A new concept in confocal microscopy
10 Feb 2006Regular followers of our activities may well recall that we have been developing what we believe to be the first commercial version of a Programmable Array Microscope (or PAM for short) in collaboration with the laboratory of Dr. Tom Jovin at the Max Planck institute in Goettingen.
Working prototypes have been undergoing detailed evaluation at both locations, and we are delighted to report that the results have been fully living up to our expectations, so we hope to make a full commercial announcement later this year. However, we are already preparing to make a small number of sales to beta test sites, and in any event it would be useful for us to hear from anyone who is potentially interested in this product, so that we can keep you informed of our progress and of the future supply situation, as inevitably the initial availability may be limited.

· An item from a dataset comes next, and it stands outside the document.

(* There exist graphs $G,H$ embedded in $\mathbb{R}^2$, each equipped with the height filtration, such that the FB-persistence diagrams of $G$ and $H$ differ, but the extended persistence diagrams of $G$ and $H$ coincide (in degrees $0$ and $1$).
   Context: Graphs are finite, undirected, possibly with multi-edges. For a graph embedded in $\mathbb{R}^2$, the height filtration is the vertex-based filtration function $f(v)=$ $y$-coordinate of $v$, $f(e)=\max(f(v),f(w))$ for $e=(v,w)$. For a filtration function $f$ with distinct values $a_0<\dots<a_n$, $G_{-1}=\emptyset$, $G_i=f^{-1}((-\infty,a_i])$; the intermediate complex $\mathrm{IC}_i(G,f)$ is the subgraph consisting of the vertices and edges of $G_i\setminus G_{i-1}$ together with endpoints of those edges. FB-persistence: the persistence diagrams (from the interval decomposition of $H_k(-;\mathbb{Z}/2)$, indexed by position) of $G_0\subset\dots\subset G_n=G\to Z_1\to\dots\to Z_{n+1}=\text{point}$, where $Z_1=G/\mathrm{IC}_n$ and $Z_{j+1}=Z_j/( *_j\cup\mathrm{IC}_{n-j})$, $*_j$ being the point to which previously contracted pieces were collapsed. Extended persistence: regard $G$ as a topological space and extend $f$ linearly along edges; set $G_a=\{x: f(x)\le a\}$, $G^a=\{x:f(x)\ge a\}$; the extended persistence diagrams are the persistence diagrams of $0\to H_k(G_{a_0})\to\dots\to H_k(G_{a_n})=H_k(G)\to H_k(G,G^{a_n})\to\dots\to H_k(G,G^{a_0})$ (maps induced by inclusions of spaces and pairs), $k=0,1$, with $\mathbb{Z}/2$ coefficients. *)

theory Defs
  imports "HOL-Analysis.Analysis" "HOL-Library.Z2" "HOL-Library.Function_Algebras"
begin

So what is a PAM exactly? Well, imagine a parallel-scanning confocal microscope working on the same general principles as a Nipkow disc system, but in which the place of the apertures in the spinning disc (through which the excitation and emission light pass) is taken by a static array of apertures which can be opened or closed at will. As well as simulating the moving apertures in the disc, in principle any fixed or moving pattern of excitation and/or detection can be generated by the array, which is a high-speed (ferroelectric) megapixel liquid crystal device. Naturally this offers enormous potential for additional applications such as selective excitation or photobleaching, as well as a broader range of conventional confocal operation. A potentially very useful confocal mode is to simulate a disc in which the apertures occupy a relatively large fraction of the total area. Although this increases the optical efficiency, normally it would significantly degrade the confocality, but our implementation incorporates one of the Goettingen innovations (Journal of Microscopy vol 204 p119), which is also to collect the emission light that falls onto the "closed" apertures on the array and focus it onto a second camera. This is very useful for various image deconvolution strategies to increase the degree of confocality, but since the requirement for two cameras may be both inconvenient and expensive, our implementation also allows the two images to be focussed onto different regions of a single camera.
So how much will one of these units cost? We're aiming for a target price of around 50,000 Euros for the basic PAM unit, including software to control the liquid crystal array. To this you will need to add a microscope (the PAM unit attaches to an imaging port, and in principle just about any microscope so equipped can be used), a camera and acquisition software, and a light source (which could be a laser but our LED light source is a potentially attractive alternative). This makes it very competitive with both laser scanning and Nipkow disc confocals, particularly in view of its much greater versatility. It is our intention to ensure that the PAM is freely available for use with any other suitable equipment. We are currently working with Olympus and Nikon microscopes, Andor IQ software and Ixon cameras. We also intend that early instruments can be configured with QED software and Photometrics Cascade II cameras, with further support to follow soon.